Yeah the 10th is included, but so is their 5th. No way are they going to send you the 5th (as well as the 13th) pick in the draft for this package.


----------



## MarioChalmers (Mar 26, 2004)

I actually like the deal for the Lakers, if they don't get Deron, they get Felton at least, who can run the team well enough.


----------



## compsciguy78 (Dec 16, 2002)

I don't see how we would get 2 picks. I could see us getting #5, but wouldn't Charlotte rather have Deron Williams over Caron Butler? It doesn't seem smart to trade those players unless you are the Lakers.


----------



## SoCalfan21 (Jul 19, 2004)

EHL said:


> I like it, but obviously they need to pick the right players at 5 and 13, and that's not something that's easy to do when you're not sure who's going to be taken ahead of you.
> 
> It's put up or shut up for Kupchak.


its funny everytime i read ur posts i cant concentrate because of ur avatar


----------



## NOODLESTYLE (Jan 20, 2005)

now there's speculation that Portland wants to move up so they can select Martell Webster instead of wasting a #3 pick on him. Hmmmmmmm does this increase the chances of the Lakers getting Gerald Green?


----------



## Locke (Jun 16, 2003)

I tell ya, I'll just be glad when this season is over so we can can finally put some of these rumors to rest and see what truly plays out. Of course I also said that right before the trade deadline and we all know what happened then...


----------



## Wade County (Jun 22, 2003)

Caron played very well after the All Star break, i dont think its a stretch for the Bobcats to do this trade

After All Star break:

Caron Butler

Points - 17.1ppg
Rebounds - 6.6rpg
Assists - 2.1apg
Steals - 1.6spg
FG% - 182/401 = 45%
3PFG% - 9/26 = 34%

I think Bickerstaff or New Orleans' GM would love Butler on their team, do you really think Deron Williams will put up those sorts of numbers? SF is an aching hole in both of these teams lineups.

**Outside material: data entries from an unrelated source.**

lemma comp_expansion_recursion:
  assumes "n \<ge> 1"
  shows "nsym_smult (1 - qX ^ n) (comp_expansion n) = q_recursion_rhs comp_expansion n"
proof
  fix I
  let ?F = "\<lambda>J. (1 - qX ^ n) * (comp_coeff J * L_word 0 J I)"
  have "nsym_smult (1 - qX ^ n) (comp_expansion n) I = (\<Sum>J\<in>compositions n. ?F J)"
    by (simp add: comp_expansion_def nsym_smult_def nsym_sum_def sum_distrib_left)
  also have "\<dots> = (\<Sum>k<n. \<Sum>J\<in>compositions k. ?F (J @ [n - k]))"
    by (rule sum_compositions_snoc[OF assms])
  also have "\<dots> = (\<Sum>k<n. \<Sum>J\<in>compositions k.
      qX ^ k * (comp_coeff J * nsym_mult (L_word 0 J) (S_mult (k + 1) (n - k)) I))"
  proof (intro sum.cong refl)
    fix k J assume "k \<in> {..<n}" "J \<in> compositions k"
    then have "k < n" "sum_list J = k" by (auto simp: compositions_def)
    with comp_coeff_snoc[of J "n - k"]
    have coeff: "(1 - qX ^ n) * comp_coeff (J @ [n - k]) = qX ^ k * comp_coeff J" by simp
    have word: "L_word 0 (J @ [n - k]) = nsym_mult (L_word 0 J) (S_mult (k + 1) (n - k))"
      \<comment> \<open>plain \<open>simp\<close> would turn \<open>k + 1\<close> into \<open>Suc k\<close> and unfold \<open>S_mult\<close> without end\<close>
      using \<open>sum_list J = k\<close> by (simp only: L_word_snoc add_0)
    have "?F (J @ [n - k]) = ((1 - qX ^ n) * comp_coeff (J @ [n - k])) * L_word 0 (J @ [n - k]) I"
      by (simp only: mult.assoc)
    also have "\<dots> = qX ^ k * comp_coeff J * nsym_mult (L_word 0 J) (S_mult (k + 1) (n - k)) I"
      unfolding coeff word ..
    finally show "?F (J @ [n - k]) =
        qX ^ k * (comp_coeff J * nsym_mult (L_word 0 J) (S_mult (k + 1) (n - k)) I)"
      by (simp only: mult.assoc)
  qed
  also have "\<dots> = q_recursion_rhs comp_expansion n I"
    unfolding q_recursion_rhs_def comp_expansion_def nsym_mult_sum_left nsym_mult_smult_left
    by (simp only: nsym_sum_def nsym_smult_def sum_distrib_left)
  finally show "nsym_smult (1 - qX ^ n) (comp_expansion n) I = q_recursion_rhs comp_expansion n I" .
qed

lemma q_recursion_unique:
  assumes "f 0 = g 0"
    and f: "\<And>n. n \<ge> 1 \<Longrightarrow> nsym_smult (1 - qX ^ n) (f n) = q_recursion_rhs f n"
    and g: "\<And>n. n \<ge> 1 \<Longrightarrow> nsym_smult (1 - qX ^ n) (g n) = q_recursion_rhs g n"
  shows "f n = g n"
proof (induction n rule: less_induct)
  case (less n)
  show ?case
  proof (cases "n = 0")
    case True
    with assms(1) show ?thesis by simp
  next
    case False
    then have "n \<ge> 1" by simp
    from less have "q_recursion_rhs f n = q_recursion_rhs g n"
      by (simp add: q_recursion_rhs_def nsym_sum_def)
    with f g \<open>n \<ge> 1\<close>
    have "nsym_smult (1 - qX ^ n) (f n) = nsym_smult (1 - qX ^ n) (g n)" by simp
    with one_minus_qX_power_nonzero[OF \<open>n \<ge> 1\<close>] show ?thesis
      by (rule nsym_smult_cancel)
  qed
qed
text \<open>Conversely, if \<open>\<Sum> F\<^sup>i x\<^sub>i = \<Sum> F\<^sup>i y\<^sub>i\<close> with \<open>y\<^sub>i \<in> Fs\<close>, then \<open>x y\<inverse>\<close> lies in the kernel, hence equals
  \<open>twisted_shift w\<close>, and \<open>x\<^sub>i = (w\<^sub>i\<^sub>-\<^sub>1\<inverse> y\<^sub>i) F(w\<^sub>i)\<close>.\<close>

lemma mem_Fs_FFs_if_iter_sum_mem_span:
  assumes x: "fin_seq Fm x" and "iter_sum G F x \<in> iter_span G F Fs"
  shows "x i \<in> Fs_FFs"
proof -
  obtain y where y: "fin_seq Fs y" and eq: "iter_sum G F x = iter_sum G F y"
    using assms(2) iter_sum_image[OF subgroup_Fs] by auto
  have xc: "x j \<in> carrier G" and yc: "y j \<in> carrier G" for j
    using fin_seq_carrier[OF subgroup_Fm x] fin_seq_carrier[OF subgroup_Fs y] .
  have y_Fm: "fin_seq Fm y" using y Fs_subset_Fm by (auto simp: fin_seq_def)
  define z where "z = (\<lambda>j. x j \<otimes> inv (y j))"
  have z: "fin_seq Fm z"
    unfolding z_def by (intro fin_seq_mult[OF subgroup_Fm x] fin_seq_inv[OF subgroup_Fm y_Fm])
  have "iter_sum G F z = \<one>"
    using iter_sum_mult[OF subgroup_Fm x fin_seq_inv[OF subgroup_Fm y_Fm]]
      iter_sum_inv[OF subgroup_Fm y_Fm] iter_sum_closed[OF subgroup_Fm y_Fm]
    by (simp add: z_def eq)
  then obtain w where w: "fin_seq Fs w" and hw: "twisted_shift G F w = z"
    using kernel_subset_twisted_shift_image[OF z] by blast
  have wc: "w j \<in> carrier G" for j using fin_seq_carrier[OF subgroup_Fs w] .
  have x_eq: "x j = z j \<otimes> y j" for j using xc yc by (simp add: z_def m_assoc)
  have zc: "z j \<in> carrier G" for j using xc yc by (simp add: z_def)
  have wFs: "w j \<in> Fs" and yFs: "y j \<in> Fs" for j using w y by (simp_all add: fin_seq_def)
  show ?thesis
  proof (cases i)
    case 0
    then have "x i = y 0 \<otimes> F (w 0)"
      using x_eq[of 0] fun_cong[OF hw, of 0] m_comm[OF zc yc] by (simp add: twisted_shift_def)
    then show ?thesis using wFs yFs by (auto simp: mem_Fs_FFs_iff)
  next
    case (Suc j)
    then have "x i = (inv (w j) \<otimes> y i) \<otimes> F (w i)"
      using x_eq[of i] fun_cong[OF hw, of i] wc yc zc by (simp add: twisted_shift_def m_ac)
    moreover have "inv (w j) \<otimes> y i \<in> Fs"
      using wFs yFs subgroup.m_closed[OF subgroup_Fs] subgroup.m_inv_closed[OF subgroup_Fs] by simp
    ultimately show ?thesis using wFs by (auto simp: mem_Fs_FFs_iff)
  qed
qed
(* Let $A\subseteq\omega$ be a c.e. set such that $\overline{\rho}(A)$ is a $\Delta^0_2$ real. Then $A$ has a computable subset $B$ such that $\overline{\rho}(B)=\overline{\rho}(A)$, and hence $d(A,B)=0$.
   Context: For $S\subseteq\omega$ and $n>0$, $\rho_n(S)=|S\cap[0,n)|/n$; $\overline{\rho}(S)=\limsup_n\rho_n(S)$ and $\underline{\rho}(S)=\liminf_n\rho_n(S)$. For $A,B\subseteq\omega$, $d(A,B)=\underline{\rho}(A\triangle B)$. A real is $\Delta^0_2$ if it is the limit of a computable sequence of rationals. *)

theory Defs
  imports Complex_Main "HOL-Library.Extended_Real"
begin

datatype recf =
    Zero
  | Succ
  | Proj nat
  | Comp recf "recf list"
  | PrRec recf recf
  | Mu recf

text \<open>eval r xs y: the partial recursive function coded by r, applied to the
argument list xs, converges with value y.  For PrRec and Mu the recursion /
search variable is the first argument.\<close>

inductive eval :: "recf \<Rightarrow> nat list \<Rightarrow> nat \<Rightarrow> bool" where
  eval_Zero: "eval Zero xs 0"
| eval_Succ: "eval Succ (x # xs) (Suc x)"
| eval_Proj: "i < length xs \<Longrightarrow> eval (Proj i) xs (xs ! i)"
| eval_Comp: "list_all2 (\<lambda>g y. eval g xs y) gs ys \<Longrightarrow> eval f ys y \<Longrightarrow> eval (Comp f gs) xs y"
| eval_Pr0: "eval f xs y \<Longrightarrow> eval (PrRec f g) (0 # xs) y"
| eval_PrS: "eval (PrRec f g) (n # xs) z \<Longrightarrow> eval g (z # n # xs) y
             \<Longrightarrow> eval (PrRec f g) (Suc n # xs) y"
| eval_Mu: "eval f (y # xs) 0 \<Longrightarrow> (\<forall>k<y. \<exists>v. eval f (k # xs) v \<and> v > 0)
             \<Longrightarrow> eval (Mu f) xs y"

Lets not forget Caron Butler was once touted as a top 5 pick, he was supposed to be one in the 2001 draft but slipped because of a false rumour about his knee.

If the Hornets got the Lakers 10th pick and Butler, their team could look like this:

PG - Jarret Jack/Dan Dickau
SG - JR Smith/Casey Jacobsen
SF - Caron Butler/George Lynch
PF - FA Big Man (Hornets have lotsa room)/PJ Brown
C - Magloire

Lakers would then look like this

PG - Chris Paul
SG - Kobe Bryant
SF - Lamar Odom
PF - Chris Taft/Brian Grant
C - Chris Mihm/Vlade Divac


I think it could be an upgrade for both teams, people over value draft picks sometimes


----------